- Opening Delimiter -

(* Let $M,N$ be indecomposable non-projective $A_n^\ell$-modules and let $f\in\mathrm{Hom}(M,N)$ be nonzero with $\mathrm{Im} f=\mathrm{rad}^t(N)$, where $t$ is an integer such that there is no epimorphism from $M$ onto $\mathrm{rad}^s(N)$ for any $s<t$. Then $\underline{f}=0$ if and only if $\underline{\mathrm{Hom}}(M,N)=0$.
   Context: $A_n^\ell=kQ/I$ ($k$ algebraically closed), $Q$ the cyclic quiver with vertices $1,\dots,n$ and arrows $i\to i+1$, $n\to 1$, $I$ generated by all paths of length $\ell+1$. $\underline{\mathrm{Hom}}(M,N)$ is $\mathrm{Hom}(M,N)$ modulo morphisms factoring through projective modules, and $\underline{f}$ is the class of $f$ there. *)

theory Defs
  imports "Jordan_Normal_Form.Matrix" "HOL-Computational_Algebra.Polynomial"
begin

text \<open>Finite-dimensional modules over the Nakayama algebra A_n^l = kQ/I, Q the cyclic
quiver with vertices 0,...,n-1 and arrows i -> (i+1) mod n, I generated by all paths of
length l+1, are represented as quiver representations: a vector space k^(dims V i) at
each vertex i and a matrix (maps V i) for the arrow i -> (i+1) mod n.\<close>

record 'a rep =
  dims :: "nat \<Rightarrow> nat"
  maps :: "nat \<Rightarrow> 'a mat"

definition alg_closed_type :: "'a::field itself \<Rightarrow> bool" where
  "alg_closed_type _ \<longleftrightarrow> (\<forall>p :: 'a poly. degree p > 0 \<longrightarrow> (\<exists>x. poly p x = 0))"

definition nxt :: "nat \<Rightarrow> nat \<Rightarrow> nat" where
  "nxt n i = (i + 1) mod n"

fun path_map :: "nat \<Rightarrow> 'a::field rep \<Rightarrow> nat \<Rightarrow> nat \<Rightarrow> 'a mat" where
  "path_map n V 0 i = 1\<^sub>m (dims V i)"
| "path_map n V (Suc k) i = maps V ((i + k) mod n) * path_map n V k i"

definition is_rep :: "nat \<Rightarrow> nat \<Rightarrow> 'a::field rep \<Rightarrow> bool" where
  "is_rep n l V \<longleftrightarrow>
     (\<forall>i<n. maps V i \<in> carrier_mat (dims V (nxt n i)) (dims V i)) \<and>
     (\<forall>i<n. path_map n V (Suc l) i = 0\<^sub>m (dims V ((i + Suc l) mod n)) (dims V i))"

definition is_hom :: "nat \<Rightarrow> 'a::field rep \<Rightarrow> 'a rep \<Rightarrow> (nat \<Rightarrow> 'a mat) \<Rightarrow> bool" where
  "is_hom n V W F \<longleftrightarrow>
     (\<forall>i<n. F i \<in> carrier_mat (dims W i) (dims V i)) \<and>
     (\<forall>i<n. F (nxt n i) * maps V i = maps W i * F i)"

definition zero_mor :: "nat \<Rightarrow> 'a::field rep \<Rightarrow> 'a rep \<Rightarrow> (nat \<Rightarrow> 'a mat) \<Rightarrow> bool" where
  "zero_mor n V W F \<longleftrightarrow> (\<forall>i<n. F i = 0\<^sub>m (dims W i) (dims V i))"

definition id_hom :: "nat \<Rightarrow> 'a::field rep \<Rightarrow> (nat \<Rightarrow> 'a mat) \<Rightarrow> bool" where
  "id_hom n V F \<longleftrightarrow> (\<forall>i<n. F i = 1\<^sub>m (dims V i))"

definition indecomposable :: "nat \<Rightarrow> nat \<Rightarrow> 'a::field rep \<Rightarrow> bool" where
  "indecomposable n l V \<longleftrightarrow> is_rep n l V \<and> (\<exists>i<n. dims V i > 0) \<and>
     (\<forall>E. is_hom n V V E \<and> (\<forall>i<n. E i * E i = E i) \<longrightarrow> zero_mor n V V E \<or> id_hom n V E)"

definition surj_hom :: "nat \<Rightarrow> 'a::field rep \<Rightarrow> 'a rep \<Rightarrow> (nat \<Rightarrow> 'a mat) \<Rightarrow> bool" where
  "surj_hom n V W F \<longleftrightarrow>
     (\<forall>i<n. \<forall>y \<in> carrier_vec (dims W i). \<exists>x \<in> carrier_vec (dims V i). F i *\<^sub>v x = y)"

definition projective :: "nat \<Rightarrow> nat \<Rightarrow> 'a::field rep \<Rightarrow> bool" where
  "projective n l P \<longleftrightarrow> is_rep n l P \<and>
     (\<forall>X Y g h. is_rep n l X \<and> is_rep n l Y \<and> is_hom n X Y g \<and> surj_hom n X Y g \<and> is_hom n P Y h
        \<longrightarrow> (\<exists>h'. is_hom n P X h' \<and> (\<forall>i<n. g i * h' i = h i)))"

definition img :: "'a::field rep \<Rightarrow> (nat \<Rightarrow> 'a mat) \<Rightarrow> nat \<Rightarrow> 'a vec set" where
  "img V F i = {F i *\<^sub>v x | x. x \<in> carrier_vec (dims V i)}"

text \<open>rad^t(N) = J^t N; at vertex i it is the image of the unique path of length t ending at i.\<close>
definition radpow :: "nat \<Rightarrow> 'a::field rep \<Rightarrow> nat \<Rightarrow> nat \<Rightarrow> 'a vec set" where
  "radpow n N t i = (let j = (i + t * n - t) mod n in
     {path_map n N t j *\<^sub>v x | x. x \<in> carrier_vec (dims N j)})"

definition stably_zero :: "nat \<Rightarrow> nat \<Rightarrow> 'a::field rep \<Rightarrow> 'a rep \<Rightarrow> (nat \<Rightarrow> 'a mat) \<Rightarrow> bool" where
  "stably_zero n l M N f \<longleftrightarrow>
     (\<exists>P g h. projective n l P \<and> is_hom n M P g \<and> is_hom n P N h \<and> (\<forall>i<n. f i = h i * g i))"

definition stable_hom_zero :: "nat \<Rightarrow> nat \<Rightarrow> 'a::field rep \<Rightarrow> 'a rep \<Rightarrow> bool" where
  "stable_hom_zero n l M N \<longleftrightarrow> (\<forall>g. is_hom n M N g \<longrightarrow> stably_zero n l M N g)"

end

(*
  Indecomposable A_n^l-modules are cyclic. Let h + 1 be the Loewy length of V and v an element
  at a vertex i that the path p_h of length h from i does not kill. By elimination there is a
  linear functional R with R(p_h v) = 1 and R(q v) = 0 for the shorter paths q from i that end
  where p_h ends. Then w |-> sum R(q w) p' y, summed over the factorisations p_h = q p', is a
  morphism V -> Y sending v to y whenever y is killed by the paths of length h + 1. For y = v it
  is a nonzero idempotent endomorphism, hence the identity; consequently every morphism out of V
  is determined by its value at v.

  Let v generate M and g : M -> N. By induction on r <= t, g v lies in rad^r N: write g v = p z
  with p of length r. If the longest nonzero path of N kills z, then z lies in rad N, so g v lies
  in rad^(r+1) N. Otherwise z generates N as well, which forces Im g = rad^r N, excluded by the
  minimality of t when r < t. So g v lies in rad^t N = Im f, say g v = f u. If f = b a factors
  through a projective P, the morphism c : M -> P with c v = a u satisfies b c v = g v, hence
  b c = g.
*)
theory Submission
  imports Defs "HOL-Number_Theory.Cong"
begin

section \<open>Linear combinations and row functionals\<close>

lemma mult_zero_mat_vec [simp]: "v \<in> carrier_vec c \<Longrightarrow> 0\<^sub>m r c *\<^sub>v v = 0\<^sub>v r"
  by (intro eq_vecI) (auto simp: scalar_prod_def)

lemma mult_mat_zero_vec [simp]: "A \<in> carrier_mat r c \<Longrightarrow> A *\<^sub>v 0\<^sub>v c = 0\<^sub>v r"
  by (intro eq_vecI) auto

lemma eq_mat_by_mult_vecI:
  fixes A B :: "'a::field mat"
  assumes "A \<in> carrier_mat m d" "B \<in> carrier_mat m d"
    and "\<And>w. w \<in> carrier_vec d \<Longrightarrow> A *\<^sub>v w = B *\<^sub>v w"
  shows "A = B"
proof (intro eq_matI)
  fix i j assume i: "i < dim_row B" and j: "j < dim_col B"
  have "(A *\<^sub>v unit_vec d j) $ i = (B *\<^sub>v unit_vec d j) $ i" using assms(3)[of "unit_vec d j"] by simp
  then show "A $$ (i,j) = B $$ (i,j)" using assms(1,2) i j by simp
qed (use assms in auto)

definition lincomb_vec :: "nat \<Rightarrow> 'b set \<Rightarrow> ('b \<Rightarrow> 'a::field) \<Rightarrow> ('b \<Rightarrow> 'a vec) \<Rightarrow> 'a vec" where
  "lincomb_vec d S c u = vec d (\<lambda>r. \<Sum>p\<in>S. c p * u p $ r)"

lemma dim_lincomb_vec [simp]: "dim_vec (lincomb_vec d S c u) = d"
  unfolding lincomb_vec_def by simp

lemma lincomb_vec_carrier [simp]: "lincomb_vec d S c u \<in> carrier_vec d"
  unfolding lincomb_vec_def by simp

lemma lincomb_vec_cong:
  assumes "\<And>p. p \<in> S \<Longrightarrow> c p = c' p" and "\<And>p. p \<in> S \<Longrightarrow> u p = u' p"
  shows "lincomb_vec d S c u = lincomb_vec d S c' u'"
  unfolding lincomb_vec_def using assms by (intro eq_vecI) auto

lemma lincomb_vec_mono_neutral:
  assumes "finite S" and "T \<subseteq> S" and "\<And>p. p \<in> S - T \<Longrightarrow> c p = 0 \<or> u p = 0\<^sub>v d"
  shows "lincomb_vec d S c u = lincomb_vec d T c u"
proof (intro eq_vecI)
  fix r assume "r < dim_vec (lincomb_vec d T c u)"
  then have r: "r < d" unfolding lincomb_vec_def by simp
  have "(\<Sum>p\<in>S. c p * u p $ r) = (\<Sum>p\<in>T. c p * u p $ r)"
  proof (rule sum.mono_neutral_right)
    show "\<forall>p\<in>S - T. c p * u p $ r = 0"
      using assms(3) r by fastforce
  qed (use assms in auto)
  then show "lincomb_vec d S c u $ r = lincomb_vec d T c u $ r"
    unfolding lincomb_vec_def using r by simp
qed (simp add: lincomb_vec_def)

lemma lincomb_vec_reindex:
  "inj_on f S \<Longrightarrow> lincomb_vec d (f ` S) c u = lincomb_vec d S (c \<circ> f) (u \<circ> f)"
  unfolding lincomb_vec_def by (simp add: sum.reindex)

lemma lincomb_vec_delta:
  assumes "finite S" and "h \<in> S" and "u h \<in> carrier_vec d"
    and "\<And>p. p \<in> S \<Longrightarrow> c p = (if p = h then 1 else 0)"
  shows "lincomb_vec d S c u = u h"
proof -
  have "lincomb_vec d S c u = vec d (\<lambda>r. \<Sum>p\<in>S. if p = h then u p $ r else 0)"
    unfolding lincomb_vec_def using assms(4) by (intro eq_vecI) (auto intro!: sum.cong)
  also have "\<dots> = u h" using assms(1-3) by (intro eq_vecI) (auto simp: sum.delta')
  finally show ?thesis .
qed

lemma mult_mat_lincomb_vec:
  fixes A :: "'a::field mat"
  assumes A: "A \<in> carrier_mat m d" and S: "finite S" and u: "\<And>p. p \<in> S \<Longrightarrow> u p \<in> carrier_vec d"
  shows "A *\<^sub>v lincomb_vec d S c u = lincomb_vec m S c (\<lambda>p. A *\<^sub>v u p)"
proof (intro eq_vecI)
  fix r assume "r < dim_vec (lincomb_vec m S c (\<lambda>p. A *\<^sub>v u p))"
  then have r: "r < m" unfolding lincomb_vec_def by simp
  have "(A *\<^sub>v lincomb_vec d S c u) $ r = (\<Sum>j<d. A $$ (r,j) * (\<Sum>p\<in>S. c p * u p $ j))"
    using A r by (simp add: lincomb_vec_def scalar_prod_def lessThan_atLeast0)
  also have "\<dots> = (\<Sum>p\<in>S. c p * (\<Sum>j<d. A $$ (r,j) * u p $ j))"
    by (simp add: sum_distrib_left sum.swap[of _ S] ac_simps)
  also have "\<dots> = (\<Sum>p\<in>S. c p * (A *\<^sub>v u p) $ r)"
  proof (intro sum.cong refl arg_cong[where f = "\<lambda>x. c _ * x"])
    fix p assume "p \<in> S"
    then have "dim_vec (u p) = d" using u by auto
    then show "(\<Sum>j<d. A $$ (r,j) * u p $ j) = (A *\<^sub>v u p) $ r"
      using A r by (auto simp: scalar_prod_def lessThan_atLeast0)
  qed
  finally show "(A *\<^sub>v lincomb_vec d S c u) $ r = lincomb_vec m S c (\<lambda>p. A *\<^sub>v u p) $ r"
    unfolding lincomb_vec_def using r by simp
qed (use A in \<open>simp add: lincomb_vec_def\<close>)

lemma lincomb_vec_mem_range:
  fixes A :: "'a::field mat"
  assumes A: "A \<in> carrier_mat m d" and S: "finite S"
    and u: "\<And>p. p \<in> S \<Longrightarrow> u p \<in> {A *\<^sub>v x | x. x \<in> carrier_vec d}"
  shows "lincomb_vec m S c u \<in> {A *\<^sub>v x | x. x \<in> carrier_vec d}"
proof -
  have "\<forall>p\<in>S. \<exists>x. x \<in> carrier_vec d \<and> u p = A *\<^sub>v x" using u by blast
  then obtain x where x: "\<forall>p\<in>S. x p \<in> carrier_vec d \<and> u p = A *\<^sub>v x p" by (metis bchoice)
  have "lincomb_vec m S c u = lincomb_vec m S c (\<lambda>p. A *\<^sub>v x p)"
    using x by (intro lincomb_vec_cong) auto
  also have "\<dots> = A *\<^sub>v lincomb_vec d S c x"
    using x by (intro mult_mat_lincomb_vec[OF A S, symmetric]) auto
  finally show ?thesis by auto
qed

definition row_apply :: "'a::field mat \<Rightarrow> 'a vec \<Rightarrow> 'a" where
  "row_apply R z = (R *\<^sub>v z) $ 0"

lemma row_apply_zero [simp]: "R \<in> carrier_mat 1 d \<Longrightarrow> row_apply R (0\<^sub>v d) = 0"
  unfolding row_apply_def by simp

lemma row_apply_eq_sum:
  assumes "R \<in> carrier_mat 1 d" and "z \<in> carrier_vec d"
  shows "row_apply R z = (\<Sum>c<d. R $$ (0, c) * z $ c)"
  unfolding row_apply_def using assms by (simp add: scalar_prod_def lessThan_atLeast0)

lemma row_apply_mult:
  assumes "R \<in> carrier_mat 1 d" and "P \<in> carrier_mat d e" and "z \<in> carrier_vec e"
  shows "row_apply (R * P) z = row_apply R (P *\<^sub>v z)"
  unfolding row_apply_def using assms by simp

lemma row_apply_minus_smult:
  fixes R P :: "'a::field mat"
  assumes R: "R \<in> carrier_mat 1 d" and P: "P \<in> carrier_mat d d" and z: "z \<in> carrier_vec d"
  shows "row_apply (R - c \<cdot>\<^sub>m (R * P)) z = row_apply R z - c * row_apply R (P *\<^sub>v z)"
proof -
  have "(R - c \<cdot>\<^sub>m (R * P)) *\<^sub>v z = R *\<^sub>v z - (c \<cdot>\<^sub>m (R * P)) *\<^sub>v z"
    using R P z by (intro minus_mult_distrib_mat_vec) auto
  moreover have "((c \<cdot>\<^sub>m (R * P)) *\<^sub>v z) $ 0 = c * ((R * P) *\<^sub>v z) $ 0"
    using R P z by (simp add: row_smult del: assoc_mult_mat_vec)
  ultimately show ?thesis
    unfolding row_apply_def using R P z by simp
qed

- Closing Delimiter -

-- Your objective --
Give back exactly the lines above, from the line containing "(\<forall>i<n. F i \<in>" through the line containing "i *\<^sub>v x |", with both end lines and nothing more.

-- Solution for this exercise --
     (\<forall>i<n. F i \<in> carrier_mat (dims W i) (dims V i)) \<and>
     (\<forall>i<n. F (nxt n i) * maps V i = maps W i * F i)"

definition zero_mor :: "nat \<Rightarrow> 'a::field rep \<Rightarrow> 'a rep \<Rightarrow> (nat \<Rightarrow> 'a mat) \<Rightarrow> bool" where
  "zero_mor n V W F \<longleftrightarrow> (\<forall>i<n. F i = 0\<^sub>m (dims W i) (dims V i))"

definition id_hom :: "nat \<Rightarrow> 'a::field rep \<Rightarrow> (nat \<Rightarrow> 'a mat) \<Rightarrow> bool" where
  "id_hom n V F \<longleftrightarrow> (\<forall>i<n. F i = 1\<^sub>m (dims V i))"

definition indecomposable :: "nat \<Rightarrow> nat \<Rightarrow> 'a::field rep \<Rightarrow> bool" where
  "indecomposable n l V \<longleftrightarrow> is_rep n l V \<and> (\<exists>i<n. dims V i > 0) \<and>
     (\<forall>E. is_hom n V V E \<and> (\<forall>i<n. E i * E i = E i) \<longrightarrow> zero_mor n V V E \<or> id_hom n V E)"

definition surj_hom :: "nat \<Rightarrow> 'a::field rep \<Rightarrow> 'a rep \<Rightarrow> (nat \<Rightarrow> 'a mat) \<Rightarrow> bool" where
  "surj_hom n V W F \<longleftrightarrow>
     (\<forall>i<n. \<forall>y \<in> carrier_vec (dims W i). \<exists>x \<in> carrier_vec (dims V i). F i *\<^sub>v x = y)"

definition projective :: "nat \<Rightarrow> nat \<Rightarrow> 'a::field rep \<Rightarrow> bool" where
  "projective n l P \<longleftrightarrow> is_rep n l P \<and>
     (\<forall>X Y g h. is_rep n l X \<and> is_rep n l Y \<and> is_hom n X Y g \<and> surj_hom n X Y g \<and> is_hom n P Y h
        \<longrightarrow> (\<exists>h'. is_hom n P X h' \<and> (\<forall>i<n. g i * h' i = h i)))"

definition img :: "'a::field rep \<Rightarrow> (nat \<Rightarrow> 'a mat) \<Rightarrow> nat \<Rightarrow> 'a vec set" where
  "img V F i = {F i *\<^sub>v x | x. x \<in> carrier_vec (dims V i)}"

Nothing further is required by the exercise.